* **DATA TO PROCESS**
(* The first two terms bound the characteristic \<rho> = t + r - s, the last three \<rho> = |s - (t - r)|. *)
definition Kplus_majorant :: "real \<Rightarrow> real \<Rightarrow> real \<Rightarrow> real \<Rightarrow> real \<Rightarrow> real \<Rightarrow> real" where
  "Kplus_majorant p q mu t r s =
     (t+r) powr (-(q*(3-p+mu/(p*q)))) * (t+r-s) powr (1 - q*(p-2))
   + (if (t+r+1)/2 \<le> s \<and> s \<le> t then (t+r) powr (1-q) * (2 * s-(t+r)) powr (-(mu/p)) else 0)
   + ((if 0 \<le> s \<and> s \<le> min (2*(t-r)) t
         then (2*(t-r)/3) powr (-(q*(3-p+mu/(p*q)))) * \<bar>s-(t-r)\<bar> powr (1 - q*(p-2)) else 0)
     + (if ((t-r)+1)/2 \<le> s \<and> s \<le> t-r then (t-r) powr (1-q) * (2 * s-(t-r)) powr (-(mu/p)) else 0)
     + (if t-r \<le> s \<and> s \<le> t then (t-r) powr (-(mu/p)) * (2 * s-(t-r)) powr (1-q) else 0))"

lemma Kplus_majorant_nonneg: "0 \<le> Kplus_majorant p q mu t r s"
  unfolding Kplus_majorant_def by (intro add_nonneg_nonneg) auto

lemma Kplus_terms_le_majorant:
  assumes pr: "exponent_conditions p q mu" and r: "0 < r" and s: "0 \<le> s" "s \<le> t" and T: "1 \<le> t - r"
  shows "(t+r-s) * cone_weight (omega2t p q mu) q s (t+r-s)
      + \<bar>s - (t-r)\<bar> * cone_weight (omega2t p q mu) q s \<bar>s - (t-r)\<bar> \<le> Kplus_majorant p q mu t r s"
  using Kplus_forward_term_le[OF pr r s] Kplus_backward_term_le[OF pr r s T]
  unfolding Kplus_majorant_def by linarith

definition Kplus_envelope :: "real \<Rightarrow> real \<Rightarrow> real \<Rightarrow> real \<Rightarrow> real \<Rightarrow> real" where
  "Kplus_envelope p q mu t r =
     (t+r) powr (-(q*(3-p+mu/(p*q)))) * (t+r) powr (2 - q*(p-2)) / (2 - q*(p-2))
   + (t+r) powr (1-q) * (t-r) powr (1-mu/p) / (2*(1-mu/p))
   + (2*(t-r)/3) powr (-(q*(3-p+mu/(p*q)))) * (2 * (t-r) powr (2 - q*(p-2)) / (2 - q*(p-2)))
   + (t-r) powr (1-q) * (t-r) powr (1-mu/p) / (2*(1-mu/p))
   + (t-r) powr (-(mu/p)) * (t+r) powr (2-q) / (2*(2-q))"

* **YOUR TASK**
Copy exactly, and only, the lines from the one containing "unfolding Kplus_majorant_def by linarith" through the last line of the listing.

* **ANSWER SECTION**
  unfolding Kplus_majorant_def by linarith

definition Kplus_envelope :: "real \<Rightarrow> real \<Rightarrow> real \<Rightarrow> real \<Rightarrow> real \<Rightarrow> real" where
  "Kplus_envelope p q mu t r =
     (t+r) powr (-(q*(3-p+mu/(p*q)))) * (t+r) powr (2 - q*(p-2)) / (2 - q*(p-2))
   + (t+r) powr (1-q) * (t-r) powr (1-mu/p) / (2*(1-mu/p))
   + (2*(t-r)/3) powr (-(q*(3-p+mu/(p*q)))) * (2 * (t-r) powr (2 - q*(p-2)) / (2 - q*(p-2)))
   + (t-r) powr (1-q) * (t-r) powr (1-mu/p) / (2*(1-mu/p))
   + (t-r) powr (-(mu/p)) * (t+r) powr (2-q) / (2*(2-q))"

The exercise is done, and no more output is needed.